Top of Raw data

(* Let $G=(V,E)$ be a finite connected simple graph and $i\in V$ such that $G-i$ is connected. Let $\tilde f:V\to\mathbb{R}$ be a solution of $$\min_{\|g\|_2=1,\ g(i)=0}\ \max_{ab\in E}|g(a)-g(b)|$$ with $\tilde f(j)>0$ for some $j$. Let $T_i^{(c)}$ be the spanning tree obtained by joining each vertex $x\ne i$ to a neighbor minimizing $\tilde f$ (ties broken arbitrarily), and for $j\in V$ let the spread-path from $j$ to $i$ be the path from $j$ to $i$ in $T_i^{(c)}$. Then every spread-path from $j$ to $i$ is a shortest path (in number of edges) from $j$ to $i$ in $G$.
   Context: Under the hypotheses, $\tilde f$ is positive on $V\setminus\{i\}$ and every vertex $x\neq i$ has a neighbor with strictly smaller $\tilde f$-value, so $T_i^{(c)}$ is a spanning tree of $G$. *)

theory Defs
  imports Main "HOL-Analysis.Analysis"
begin

definition simple_graph :: "'a set \<Rightarrow> ('a \<Rightarrow> 'a \<Rightarrow> bool) \<Rightarrow> bool" where
  "simple_graph V E \<longleftrightarrow> finite V \<and> (\<forall>a b. E a b \<longrightarrow> a \<in> V \<and> b \<in> V)
     \<and> (\<forall>a b. E a b \<longrightarrow> E b a) \<and> (\<forall>a. \<not> E a a)"

definition connected_on :: "'a set \<Rightarrow> ('a \<Rightarrow> 'a \<Rightarrow> bool) \<Rightarrow> bool" where
  "connected_on W E \<longleftrightarrow> W \<noteq> {} \<and>
     (\<forall>x\<in>W. \<forall>y\<in>W. (\<lambda>a b. E a b \<and> a \<in> W \<and> b \<in> W)\<^sup>*\<^sup>* x y)"

definition edge_max :: "'a set \<Rightarrow> ('a \<Rightarrow> 'a \<Rightarrow> bool) \<Rightarrow> ('a \<Rightarrow> real) \<Rightarrow> real" where
  "edge_max V E g = Max {\<bar>g a - g b\<bar> | a b. a \<in> V \<and> b \<in> V \<and> E a b}"

definition admissible :: "'a set \<Rightarrow> 'a \<Rightarrow> ('a \<Rightarrow> real) \<Rightarrow> bool" where
  "admissible V i g \<longleftrightarrow> sqrt (\<Sum>x\<in>V. (g x)\<^sup>2) = 1 \<and> g i = 0"

definition is_minimizer :: "'a set \<Rightarrow> ('a \<Rightarrow> 'a \<Rightarrow> bool) \<Rightarrow> 'a \<Rightarrow> ('a \<Rightarrow> real) \<Rightarrow> bool" where
  "is_minimizer V E i f \<longleftrightarrow> admissible V i f \<and>
     (\<forall>g. admissible V i g \<longrightarrow> edge_max V E f \<le> edge_max V E g)"

text \<open>p encodes T_i^(c): each x \<noteq> i is joined to a neighbour minimizing f.\<close>
definition spread_parent :: "'a set \<Rightarrow> ('a \<Rightarrow> 'a \<Rightarrow> bool) \<Rightarrow> 'a \<Rightarrow> ('a \<Rightarrow> real) \<Rightarrow> ('a \<Rightarrow> 'a) \<Rightarrow> bool" where
  "spread_parent V E i f p \<longleftrightarrow>
     (\<forall>x\<in>V - {i}. E x (p x) \<and> (\<forall>y. E x y \<longrightarrow> f (p x) \<le> f y))"

definition walk_len :: "('a \<Rightarrow> 'a \<Rightarrow> bool) \<Rightarrow> 'a \<Rightarrow> 'a \<Rightarrow> nat \<Rightarrow> bool" where
  "walk_len E x y m \<longleftrightarrow> (\<exists>ws. length ws = Suc m \<and> ws ! 0 = x \<and> ws ! m = y \<and>
     (\<forall>k<m. E (ws ! k) (ws ! Suc k)))"

end

theory Submission
  imports Defs
begin

text \<open>Let d be the graph distance to i. The normalized function d / \<parallel>d\<parallel> is admissible
with edge differences at most 1 / \<parallel>d\<parallel>, so the optimal value L satisfies L \<le> 1 / \<parallel>d\<parallel>.
Conversely any admissible f satisfies \<bar>f x\<bar> \<le> L d(x) along a shortest walk, and comparing
\<Sum> f^2 = 1 with L^2 \<Sum> d^2 \<le> 1 forces \<bar>f\<bar> = L d. Neighbours in G - i have values of modulus
at least L differing by at most L, hence of equal sign; so f = L d. A neighbour minimizing f
is then a neighbour one step closer to i, and the spread-path is a shortest path.\<close>

lemma walk_len_0_iff: "walk_len E x z 0 \<longleftrightarrow> x = z"
  unfolding walk_len_def by (auto intro: exI[of _ "[x]"])

lemma walk_len_Suc_iff: "walk_len E x z (Suc m) \<longleftrightarrow> (\<exists>y. E x y \<and> walk_len E y z m)"
proof
  assume "walk_len E x z (Suc m)"
  then obtain ws where ws: "length ws = Suc (Suc m)" "ws ! 0 = x" "ws ! Suc m = z"
    "\<forall>k<Suc m. E (ws ! k) (ws ! Suc k)"
    unfolding walk_len_def by blast
  have "E x (ws ! 1)" using ws by (metis One_nat_def zero_less_Suc)
  moreover have "walk_len E (ws ! 1) z m"
    unfolding walk_len_def using ws by (intro exI[of _ "tl ws"]) (auto simp: nth_tl)
  ultimately show "\<exists>y. E x y \<and> walk_len E y z m" by blast
next
  assume "\<exists>y. E x y \<and> walk_len E y z m"
  then obtain y ws where "E x y" and ws: "length ws = Suc m" "ws ! 0 = y" "ws ! m = z"
    "\<forall>k<m. E (ws ! k) (ws ! Suc k)"
    unfolding walk_len_def by blast
  have "E ((x # ws) ! k) ((x # ws) ! Suc k)" if "k < Suc m" for k
    using that \<open>E x y\<close> ws by (cases k) auto
  then show "walk_len E x z (Suc m)"
    unfolding walk_len_def using ws by (intro exI[of _ "x # ws"]) auto
qed

lemma walk_len_if_rtranclp:
  assumes "(\<lambda>a b. E a b \<and> a \<in> W \<and> b \<in> W)\<^sup>*\<^sup>* x y"
  shows "\<exists>m. walk_len E x y m"
  using assms
proof (induction rule: converse_rtranclp_induct)
  case base
  then show ?case using walk_len_0_iff by metis
next
  case (step a b)
  then show ?case using walk_len_Suc_iff by metis
qed

lemma walk_len_abs_diff_le:
  fixes g :: "'a \<Rightarrow> real"
  assumes "\<And>a b. E a b \<Longrightarrow> \<bar>g a - g b\<bar> \<le> c"
  shows "walk_len E x z m \<Longrightarrow> \<bar>g x - g z\<bar> \<le> c * m"
proof (induction m arbitrary: x)
  case 0
  then show ?case by (simp add: walk_len_0_iff)
next
  case (Suc m)
  then obtain y where "E x y" "walk_len E y z m"
    using walk_len_Suc_iff by metis
  then have "\<bar>g y - g z\<bar> \<le> c * m" "\<bar>g x - g y\<bar> \<le> c"
    using Suc.IH assms by auto
  then show ?case by (simp add: algebra_simps)
qed

lemma connected_on_induct:
  assumes "connected_on W E" "j \<in> W" "P j" "x \<in> W"
    and "\<And>a b. E a b \<Longrightarrow> a \<in> W \<Longrightarrow> b \<in> W \<Longrightarrow> P a \<Longrightarrow> P b"
  shows "P x"
proof -
  have "(\<lambda>a b. E a b \<and> a \<in> W \<and> b \<in> W)\<^sup>*\<^sup>* j x"
    using assms(1,2,4) unfolding connected_on_def by blast
  then show ?thesis
    by (induction rule: rtranclp_induct) (use assms(3,5) in blast)+
qed

lemma finite_edge_diffs:
  assumes "finite V"
  shows "finite {\<bar>g a - g b\<bar> | a b. a \<in> V \<and> b \<in> V \<and> E a b}"
proof (rule finite_subset)
  show "{\<bar>g a - g b\<bar> | a b. a \<in> V \<and> b \<in> V \<and> E a b} \<subseteq> (\<lambda>(a, b). \<bar>g a - g b\<bar>) ` (V \<times> V)"
    by auto
qed (use assms in simp)

lemma abs_diff_le_edge_max:
  "finite V \<Longrightarrow> a \<in> V \<Longrightarrow> b \<in> V \<Longrightarrow> E a b \<Longrightarrow> \<bar>g a - g b\<bar> \<le> edge_max V E g"
  unfolding edge_max_def by (rule Max_ge[OF finite_edge_diffs]) auto

lemma edge_max_le:
  assumes "finite V" "a \<in> V" "b \<in> V" "E a b"
    and "\<And>a b. a \<in> V \<Longrightarrow> b \<in> V \<Longrightarrow> E a b \<Longrightarrow> \<bar>g a - g b\<bar> \<le> c"
  shows "edge_max V E g \<le> c"
  unfolding edge_max_def using assms finite_edge_diffs[OF assms(1)]
  by (subst Max_le_iff) blast+
(* Let $Y$ and $Z$ be random variables such that $Y$ has a continuous distribution function and $a(Z-b)$ is integer-valued for some real numbers $a>0$ and $b$. If $\sigma_Z^2:=\operatorname{Var}Z<\infty$, then $$d_{KS}(Y,Z)\ge\frac{1}{12a\sigma_Z+8}.$$
   Context: $d_{KS}(Y,Z):=\sup_{x\in\mathbb R}|P(Y\le x)-P(Z\le x)|$. *)

theory Defs
  imports "HOL-Probability.Probability"
begin

definition cdf_rv :: "'a measure \<Rightarrow> ('a \<Rightarrow> real) \<Rightarrow> real \<Rightarrow> real" where
  "cdf_rv M X x = measure M {\<omega> \<in> space M. X \<omega> \<le> x}"

definition d_KS :: "'a measure \<Rightarrow> ('a \<Rightarrow> real) \<Rightarrow> 'b measure \<Rightarrow> ('b \<Rightarrow> real) \<Rightarrow> real" where
  "d_KS M Y N Z = (SUP x\<in>(UNIV::real set). \<bar>cdf_rv M Y x - cdf_rv N Z x\<bar>)"

end

theory Submission
  imports Defs
begin

text \<open>Chebyshev's inequality with radius \<open>t = 2\<sigma> + 1/(2a)\<close> leaves mass at least \<open>3/4\<close> within
  distance \<open>t\<close> of the mean of \<open>Z\<close>. That open interval holds fewer than \<open>2at + 1 = 4a\<sigma> + 2\<close>
  points of the lattice \<open>b + \<int>/a\<close>, so \<open>Z\<close> has an atom of mass \<open>p \<ge> 3/(4(4a\<sigma> + 2))\<close>.
  The distribution function of \<open>Z\<close> jumps by \<open>p\<close> there, and a continuous distribution function
  cannot stay within less than \<open>p/2\<close> of it on both sides of the jump; hence
  \<open>d_KS \<ge> 3/(8(4a\<sigma> + 2)) \<ge> 1/(12a\<sigma> + 8)\<close>.\<close>

lemma
  fixes L U :: real
  shows finite_Ints_between: "finite {k::int. L < k \<and> k < U}"
    and card_Ints_between_less: "L \<le> U \<Longrightarrow> real (card {k::int. L < k \<and> k < U}) < U - L + 1"
proof -
  have sub: "{k::int. L < k \<and> k < U} \<subseteq> {\<lfloor>L\<rfloor> + 1 .. \<lceil>U\<rceil> - 1}"
    by auto linarith+
  then show "finite {k::int. L < k \<and> k < U}"
    by (rule finite_subset) simp
  assume "L \<le> U"
  have "card {k::int. L < k \<and> k < U} \<le> nat (\<lceil>U\<rceil> - \<lfloor>L\<rfloor> - 1)"
    using card_mono[OF _ sub] by simp
  moreover have "real_of_int (\<lceil>U\<rceil> - \<lfloor>L\<rfloor> - 1) < U - L + 1"
    by linarith
  ultimately show "real (card {k::int. L < k \<and> k < U}) < U - L + 1"
    using \<open>L \<le> U\<close> by linarith
qed

lemma (in prob_space) prob_abs_dev_less_ge:
  fixes Z :: "'a \<Rightarrow> real" and t :: real
  assumes [measurable]: "random_variable borel Z"
    and "integrable M (\<lambda>\<omega>. (Z \<omega>)\<^sup>2)" and "t > 0"
  shows "1 - variance Z / t\<^sup>2 \<le> prob {\<omega>\<in>space M. \<bar>Z \<omega> - expectation Z\<bar> < t}"
proof -
  have "{\<omega>\<in>space M. \<bar>Z \<omega> - expectation Z\<bar> < t}
      = space M - {\<omega>\<in>space M. \<bar>Z \<omega> - expectation Z\<bar> \<ge> t}"
    by auto
  then have "prob {\<omega>\<in>space M. \<bar>Z \<omega> - expectation Z\<bar> < t}
      = 1 - prob {\<omega>\<in>space M. \<bar>Z \<omega> - expectation Z\<bar> \<ge> t}"
    by (simp add: prob_compl)
  then show ?thesis
    using Chebyshev_inequality[of Z t] assms by simp
qed

lemma exists_ge_average:
  fixes f :: "'a \<Rightarrow> real"
  assumes "finite K" and "K \<noteq> {}"
  shows "\<exists>k\<in>K. sum f K / card K \<le> f k"
proof -
  have "Max (f ` K) \<in> f ` K"
    using assms by (intro Max_in) auto
  then obtain k where "k \<in> K" and "f k = Max (f ` K)"
    by auto
  have "sum f K \<le> card K * f k"
    using sum_bounded_above[of K f "f k"] assms(1) \<open>f k = Max (f ` K)\<close> by simp
  moreover have "real (card K) > 0"
    using assms by (simp add: card_gt_0_iff)
  ultimately have "sum f K / card K \<le> f k"
    by (simp add: pos_divide_le_eq mult.commute)
  with \<open>k \<in> K\<close> show ?thesis
    by blast
qed

lemma (in prob_space) prob_near_le_sum_lattice_atoms:
  fixes Z :: "'a \<Rightarrow> real" and a b c t :: real
  assumes [measurable]: "random_variable borel Z"
    and "a > 0"
    and lattice: "AE \<omega> in M. a * (Z \<omega> - b) \<in> \<int>"
  shows "prob {\<omega>\<in>space M. \<bar>Z \<omega> - c\<bar> < t}
    \<le> (\<Sum>k\<in>{k::int. a * (c - b - t) < k \<and> k < a * (c - b + t)}. prob {\<omega>\<in>space M. Z \<omega> = b + k / a})"
    (is "prob ?A \<le> (\<Sum>k\<in>?K. prob (?B k))")
proof -
  have "AE \<omega> in M. \<omega> \<in> ?A \<longrightarrow> \<omega> \<in> (\<Union>k\<in>?K. ?B k)"
    using lattice
  proof eventually_elim
    case (elim \<omega>)
    then obtain k where k: "a * (Z \<omega> - b) = of_int k"
      by (auto elim: Ints_cases)
    show ?case
    proof
      assume "\<omega> \<in> ?A"
      then have "a * (c - b - t) < a * (Z \<omega> - b)" "a * (Z \<omega> - b) < a * (c - b + t)"
        using \<open>a > 0\<close> by (auto simp: abs_less_iff)
      then have "k \<in> ?K"
        unfolding k by simp
      moreover have "Z \<omega> = b + k / a"
        using k \<open>a > 0\<close> by (simp add: field_simps)
      ultimately show "\<omega> \<in> (\<Union>k\<in>?K. ?B k)"
        using \<open>\<omega> \<in> ?A\<close> by auto
    qed
  qed
  then have "prob ?A \<le> prob (\<Union>k\<in>?K. ?B k)"
    by (rule finite_measure_mono_AE) (use finite_Ints_between in auto)
  also have "\<dots> \<le> (\<Sum>k\<in>?K. prob (?B k))"
    using finite_Ints_between by (intro finite_measure_subadditive_finite) auto
  finally show ?thesis .
qed

lemma (in prob_space) lattice_atom_ge:
  fixes Z :: "'a \<Rightarrow> real" and a b c t :: real
  assumes [measurable]: "random_variable borel Z"
    and "a > 0" and "t > 0"
    and lattice: "AE \<omega> in M. a * (Z \<omega> - b) \<in> \<int>"
  shows "\<exists>z. prob {\<omega>\<in>space M. \<bar>Z \<omega> - c\<bar> < t} / (2 * a * t + 1) \<le> prob {\<omega>\<in>space M. Z \<omega> = z}"
proof -
  define A where "A = {\<omega>\<in>space M. \<bar>Z \<omega> - c\<bar> < t}"
  define K where "K = {k::int. a * (c - b - t) < k \<and> k < a * (c - b + t)}"
  define p where "p k = prob {\<omega>\<in>space M. Z \<omega> = b + k / a}" for k :: int
  have cover: "prob A \<le> sum p K"
    unfolding A_def K_def p_def by (rule prob_near_le_sum_lattice_atoms[OF assms(1) \<open>a > 0\<close> lattice])
  have cardK: "real (card K) < 2 * a * t + 1"
    using card_Ints_between_less[of "a * (c - b - t)" "a * (c - b + t)"] \<open>a > 0\<close> \<open>t > 0\<close>
    unfolding K_def by (simp add: algebra_simps)
  have "2 * a * t + 1 > 0"
    using \<open>a > 0\<close> \<open>t > 0\<close> by (simp add: add_pos_pos)
  show ?thesis
  proof (cases "K = {}")
    case True
    then have "prob A / (2 * a * t + 1) \<le> 0"
      using cover \<open>2 * a * t + 1 > 0\<close> by (simp add: divide_nonpos_pos)
    then show ?thesis
      unfolding A_def using measure_nonneg order_trans by blast
  next
    case False
    have finK: "finite K"
      unfolding K_def by (rule finite_Ints_between)
    then obtain k where "sum p K / card K \<le> p k"
      using exists_ge_average[OF _ False] by blast
    have "prob A / (2 * a * t + 1) \<le> sum p K / (2 * a * t + 1)"
      using cover \<open>2 * a * t + 1 > 0\<close> by (intro divide_right_mono) auto
    also have "\<dots> \<le> sum p K / card K"
      using cardK finK False unfolding p_def
      by (intro divide_left_mono sum_nonneg measure_nonneg) (auto simp: card_gt_0_iff)
    also have "\<dots> \<le> p k" by fact
    finally show ?thesis
      unfolding A_def p_def by blast
  qed
qed

lemma (in prob_space) lattice_atom_ge_variance:
  fixes Z :: "'a \<Rightarrow> real" and a b :: real
  assumes [measurable]: "random_variable borel Z"
    and "a > 0"
    and lattice: "AE \<omega> in M. a * (Z \<omega> - b) \<in> \<int>"
    and square_integrable: "integrable M (\<lambda>\<omega>. (Z \<omega>)\<^sup>2)"
  shows "\<exists>z. 3 / (4 * (4 * a * sqrt (variance Z) + 2)) \<le> prob {\<omega>\<in>space M. Z \<omega> = z}"
proof -
  define \<sigma> where "\<sigma> = sqrt (variance Z)"
  have "variance Z \<ge> 0"
    by (simp add: integral_nonneg_AE)
  then have \<sigma>: "\<sigma> \<ge> 0" "\<sigma>\<^sup>2 = variance Z"
    unfolding \<sigma>_def by simp_all
  define t where "t = 2 * \<sigma> + 1 / (2 * a)"
  have "t > 0"
    unfolding t_def using \<sigma>(1) \<open>a > 0\<close> by (simp add: add_nonneg_pos)
  have "(2 * \<sigma>)\<^sup>2 \<le> t\<^sup>2"
    unfolding t_def using \<sigma>(1) \<open>a > 0\<close> by (intro power_mono) auto
  then have "variance Z / t\<^sup>2 \<le> 1 / 4"
    using \<sigma>(2) \<open>t > 0\<close> by (simp add: divide_simps power_mult_distrib)
  then have "3 / 4 \<le> prob {\<omega>\<in>space M. \<bar>Z \<omega> - expectation Z\<bar> < t}"
    using prob_abs_dev_less_ge[OF assms(1) square_integrable \<open>t > 0\<close>] by simp
  have "2 * a * t + 1 = 4 * a * \<sigma> + 2"
    unfolding t_def using \<open>a > 0\<close> by (simp add: field_simps)
  then have "3 / (4 * (4 * a * \<sigma> + 2)) = (3 / 4) / (2 * a * t + 1)"
    by simp
  also have "\<dots> \<le> prob {\<omega>\<in>space M. \<bar>Z \<omega> - expectation Z\<bar> < t} / (2 * a * t + 1)"
    using \<open>3 / 4 \<le> _\<close> \<open>a > 0\<close> \<open>t > 0\<close> by (intro divide_right_mono) auto
  also obtain z where "\<dots> \<le> prob {\<omega>\<in>space M. Z \<omega> = z}"
    using lattice_atom_ge[OF assms(1) \<open>a > 0\<close> \<open>t > 0\<close> lattice] by auto
  finally have "3 / (4 * (4 * a * \<sigma> + 2)) \<le> prob {\<omega>\<in>space M. Z \<omega> = z}" .
  then show ?thesis
    unfolding \<sigma>_def by blast
qed

lemma abs_cdf_rv_diff_le_d_KS:
  assumes "prob_space M" and "prob_space N"
  shows "\<bar>cdf_rv M Y x - cdf_rv N Z x\<bar> \<le> d_KS M Y N Z"
proof -
  have "\<bar>cdf_rv M Y u - cdf_rv N Z u\<bar> \<le> 1" for u
    using prob_space.prob_le_1[OF assms(1)] prob_space.prob_le_1[OF assms(2)]
    unfolding cdf_rv_def by (smt (verit) measure_nonneg)
  then show ?thesis
    unfolding d_KS_def by (intro cSUP_upper bdd_aboveI2) auto
qed

lemma measure_eq_le_cdf_rv_diff:
  assumes "finite_measure N" and [measurable]: "Z \<in> borel_measurable N" and "x < z"
  shows "measure N {\<omega>\<in>space N. Z \<omega> = z} \<le> cdf_rv N Z z - cdf_rv N Z x"
proof -
  interpret finite_measure N by fact
  have "measure N {\<omega>\<in>space N. Z \<omega> = z} + cdf_rv N Z x
      = measure N ({\<omega>\<in>space N. Z \<omega> = z} \<union> {\<omega>\<in>space N. Z \<omega> \<le> x})"
    unfolding cdf_rv_def using \<open>x < z\<close> by (subst finite_measure_Union) auto
  also have "\<dots> \<le> cdf_rv N Z z"
    unfolding cdf_rv_def using \<open>x < z\<close> by (intro finite_measure_mono) auto
  finally show ?thesis
    by simp
qed

lemma atom_le_two_d_KS:
  assumes "prob_space M" and "prob_space N" and "Z \<in> borel_measurable N"
    and "isCont (cdf_rv M Y) z"
  shows "measure N {\<omega>\<in>space N. Z \<omega> = z} \<le> 2 * d_KS M Y N Z"
proof -
  define F where "F = cdf_rv M Y"
  have "(F \<longlongrightarrow> F z) (at_left z)"
    using assms(4) unfolding F_def isCont_def by (rule tendsto_mono[OF at_le, rotated]) simp
  then have "((\<lambda>x. 2 * d_KS M Y N Z + \<bar>F z - F x\<bar>) \<longlongrightarrow> 2 * d_KS M Y N Z + \<bar>F z - F z\<bar>) (at_left z)"
    by (intro tendsto_intros)
  then have "((\<lambda>x. 2 * d_KS M Y N Z + \<bar>F z - F x\<bar>) \<longlongrightarrow> 2 * d_KS M Y N Z) (at_left z)"
    by simp
  moreover have "\<forall>\<^sub>F x in at_left z. measure N {\<omega>\<in>space N. Z \<omega> = z} \<le> 2 * d_KS M Y N Z + \<bar>F z - F x\<bar>"
    using eventually_at_left_real[of "z - 1" z]
  proof (rule eventually_mono)
    fix x assume "x \<in> {z - 1<..<z}"
    then have "measure N {\<omega>\<in>space N. Z \<omega> = z} \<le> cdf_rv N Z z - cdf_rv N Z x"
      using assms(2,3) by (intro measure_eq_le_cdf_rv_diff) (auto simp: prob_space_def)
    also have "\<dots> \<le> \<bar>cdf_rv N Z z - F z\<bar> + \<bar>F z - F x\<bar> + \<bar>F x - cdf_rv N Z x\<bar>"
      by linarith
    also have "\<dots> \<le> 2 * d_KS M Y N Z + \<bar>F z - F x\<bar>"
      using abs_cdf_rv_diff_le_d_KS[OF assms(1,2), of Y z Z] abs_cdf_rv_diff_le_d_KS[OF assms(1,2), of Y x Z]
      unfolding F_def by (simp add: abs_minus_commute)
    finally show "measure N {\<omega>\<in>space N. Z \<omega> = z} \<le> 2 * d_KS M Y N Z + \<bar>F z - F x\<bar>" .
  qed simp
  ultimately show ?thesis
    by (rule tendsto_lowerbound) simp
qed

theorem lemma5p5:
  fixes M :: "'a measure" and N :: "'b measure"
    and Y :: "'a \<Rightarrow> real" and Z :: "'b \<Rightarrow> real" and a b :: real
  assumes "prob_space M" and "prob_space N"
    and "Y \<in> borel_measurable M" and "Z \<in> borel_measurable N"
    and "continuous_on UNIV (cdf_rv M Y)"
    and "a > 0"
    and "AE \<omega> in N. a * (Z \<omega> - b) \<in> \<int>"
    and "integrable N (\<lambda>\<omega>. (Z \<omega>)\<^sup>2)"
  shows "d_KS M Y N Z \<ge> 1 / (12 * a * sqrt (prob_space.variance N Z) + 8)"
proof -
  interpret N: prob_space N by fact
  define \<sigma> where "\<sigma> = sqrt (N.variance Z)"
  obtain z where atom: "3 / (4 * (4 * a * \<sigma> + 2)) \<le> measure N {\<omega>\<in>space N. Z \<omega> = z}"
    using N.lattice_atom_ge_variance[OF assms(4,6,7,8)] unfolding \<sigma>_def by blast
  have jump: "measure N {\<omega>\<in>space N. Z \<omega> = z} \<le> 2 * d_KS M Y N Z"
    using atom_le_two_d_KS[OF assms(1,2,4), of z Y] assms(5)
    by (simp add: continuous_on_eq_continuous_at)
  have "a * \<sigma> \<ge> 0"
    unfolding \<sigma>_def using \<open>a > 0\<close> by (simp add: integral_nonneg_AE)
  then have "2 * (1 / (12 * a * \<sigma> + 8)) \<le> 3 / (4 * (4 * a * \<sigma> + 2))"
    by (simp add: divide_simps mult.assoc mult.commute[of \<sigma>])
  then have "1 / (12 * a * \<sigma> + 8) \<le> d_KS M Y N Z"
    using atom jump by linarith
  then show ?thesis
    unfolding \<sigma>_def .
qed

end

Bottom of Raw data

_What is required_
Reproduce each line of the entries above from the one containing "N (\<lambda>\<omega>. (Z" through the last, exactly, and no other line.

_The completed task_
    and "integrable N (\<lambda>\<omega>. (Z \<omega>)\<^sup>2)"
  shows "d_KS M Y N Z \<ge> 1 / (12 * a * sqrt (prob_space.variance N Z) + 8)"
proof -
  interpret N: prob_space N by fact
  define \<sigma> where "\<sigma> = sqrt (N.variance Z)"
  obtain z where atom: "3 / (4 * (4 * a * \<sigma> + 2)) \<le> measure N {\<omega>\<in>space N. Z \<omega> = z}"
    using N.lattice_atom_ge_variance[OF assms(4,6,7,8)] unfolding \<sigma>_def by blast
  have jump: "measure N {\<omega>\<in>space N. Z \<omega> = z} \<le> 2 * d_KS M Y N Z"
    using atom_le_two_d_KS[OF assms(1,2,4), of z Y] assms(5)
    by (simp add: continuous_on_eq_continuous_at)
  have "a * \<sigma> \<ge> 0"
    unfolding \<sigma>_def using \<open>a > 0\<close> by (simp add: integral_nonneg_AE)
  then have "2 * (1 / (12 * a * \<sigma> + 8)) \<le> 3 / (4 * (4 * a * \<sigma> + 2))"
    by (simp add: divide_simps mult.assoc mult.commute[of \<sigma>])
  then have "1 / (12 * a * \<sigma> + 8) \<le> d_KS M Y N Z"
    using atom jump by linarith
  then show ?thesis
    unfolding \<sigma>_def .
qed

end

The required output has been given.